Saturday, 18 September 2021 19:37

Samsara

SAMSARA

US, 2012, 102 minutes, Colour.
Directed by Ron Friecke
Samsara comes from the makers of Baraka, a lavish and visual exploration of the world of nature and of human beings. This is the same intention for Samsara. The advertising for the film declares that it has been 25 years in the making, travelling and photographing extraordinary places with 70 mm film. Director/photographer, Ron Friecke, and his producer partner (also in editing and music supervision), Mark Magidson have collaborated on what is a cinema poem.

The film-makers say that they want the audience to contemplate humanity and reflect upon what links us to each other and to the world as a whole on this journey across 25 countries on five continents.
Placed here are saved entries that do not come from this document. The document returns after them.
lemma uniform_Cnorm_bound_of_localized:
  fixes g :: "real \<Rightarrow> real" and S :: "(('a::euclidean_space \<Rightarrow> real) \<times> 'b) set"
    and A :: "('a \<Rightarrow> real) \<Rightarrow> 'b \<Rightarrow> real"
  defines "k \<equiv> holder_order g"
  assumes gpos: "\<And>t. 0 < t \<Longrightarrow> t \<le> 1 \<Longrightarrow> 0 < g t"
    and "0 < c0" and low: "\<And>t. 0 < t \<Longrightarrow> t \<le> 1 \<Longrightarrow> c0 * t \<le> g t * t powr - real k"
    and "cutoff \<eta>" and reg: "\<And>u f. (u, f) \<in> S \<Longrightarrow> u \<in> Cg g"
    and loc: "\<forall>\<epsilon>>0. \<exists>r>0. \<exists>c1\<ge>1. \<forall>(u, f)\<in>S. \<forall>x0.
                Cnorm g (\<lambda>x. u x * eta_rx \<eta> r x0 x) \<le> c1 * A u f + \<epsilon> * Cnorm g u"
  shows "\<exists>C. \<forall>(u, f)\<in>S. Cnorm g u \<le> C * A u f"
proof -
  define \<epsilon>1 where "\<epsilon>1 = 1 / (4 * (real k + 2))"
  obtain r1 c1 where "0 < r1" and bound1: "\<And>u f x0. (u, f) \<in> S \<Longrightarrow>
      Cnorm g (\<lambda>x. u x * eta_rx \<eta> r1 x0 x) \<le> c1 * A u f + \<epsilon>1 * Cnorm g u"
    using loc[rule_format, of \<epsilon>1] unfolding \<epsilon>1_def by fastforce
  \<comment> \<open>The large increments carry the weight \<open>2 / (c0 * r1)\<close>, so the second scale must be
    chosen after \<open>r1\<close>.\<close>
  define \<epsilon>2 where "\<epsilon>2 = c0 * r1 / 8"
  obtain r2 c2 where "0 < r2" and bound2: "\<And>u f x0. (u, f) \<in> S \<Longrightarrow>
      Cnorm g (\<lambda>x. u x * eta_rx \<eta> r2 x0 x) \<le> c2 * A u f + \<epsilon>2 * Cnorm g u"
    using loc[rule_format, of \<epsilon>2] \<open>0 < c0\<close> \<open>0 < r1\<close> unfolding \<epsilon>2_def by fastforce
  define X where "X = (real k + 2) * c1 + 2 * c2 / (c0 * r1)"
  have "Cnorm g u \<le> 2 * X * A u f" if "(u, f) \<in> S" for u f
  proof -
    from CgD[OF reg[OF that]] have du: "Dl_differentiable_upto k u" and bu: "Cg_bounded g k u"
      unfolding k_def .
    have "Cnorm g u \<le> (real k + 2) * (c1 * A u f + \<epsilon>1 * Cnorm g u)
                      + 2 * (c2 * A u f + \<epsilon>2 * Cnorm g u) / (c0 * r1)"
      unfolding k_def
      by (rule Cnorm_le_two_scale[where g = g, OF gpos \<open>0 < c0\<close> low[unfolded k_def]
            du[unfolded k_def] bu[unfolded k_def] \<open>cutoff \<eta>\<close> \<open>0 < r1\<close> \<open>0 < r2\<close>
            bound1[OF that] bound2[OF that]])
    also have "\<dots> = X * A u f + ((real k + 2) * \<epsilon>1) * Cnorm g u + (2 * \<epsilon>2 / (c0 * r1)) * Cnorm g u"
      using \<open>0 < c0\<close> \<open>0 < r1\<close> unfolding X_def by (simp add: field_simps)
    also have "(real k + 2) * \<epsilon>1 = 1 / 4" unfolding \<epsilon>1_def by simp
    also have "2 * \<epsilon>2 / (c0 * r1) = 1 / 4" unfolding \<epsilon>2_def using \<open>0 < c0\<close> \<open>0 < r1\<close> by simp
    finally show ?thesis by simp
  qed
  then show ?thesis by blast
qed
Five years in the making, this film is for the senses, eyes and ears, which requires the audience to surrender to it. There is no commentary or dialogue. The approach is not new because Fricke was Director of Photography and co-writer for Godfrey Reggio's Koyaanisqatsi in the 1980s He made Baraka in the 1990s.
Samsara is a Sanskrit word meaning “the ever turning wheel of life” and this is the base both thematically and visually. From the startling opening shot of the close-up eyes of a Thai dancer there is a continuing and sense of the interconnection, as well as the transience, of all things - in the cycle of birth, life and death.
Some of the themes:
- monks making a mandala high in the mountains of Ladakh, India;
- Egyptian families living cheek-by-jowl with the great pyramids;
- Chinese assembly line workers chopping and packaging pig and chicken carcasses
- chickens helplessly being sucked into a large, ominous tractor that will kill them and prepare them for meals
- the night sky
- modern technology, production lines, and human robotics
- backdrops of deserts, garbage mounds as far as the eye can see, and traffic congestion in modern centres
- the processing of food to the consumption and effects it has on the human body
-impoverished communities picking over garbage as trucks deposit it
- exquisite Thai dancers
- a factory producing sex dolls
- highly developed cities seen from the air with freeway and building lights twinkling. . .
- many sacred grounds, disaster zones, industrial complexes, and natural wonders.

Shot on 70 mm film by Fricke, the imagery is extraordinary. It is all real, no computer graphics. While some things are familiar, they look new. The time-lapse photography reflects patience and camera mastery. Editing is often striking, a close-up of the eyes of an African woman blending into an LA freeway shot. Australian Lisa Gerrard is responsible for much of the score.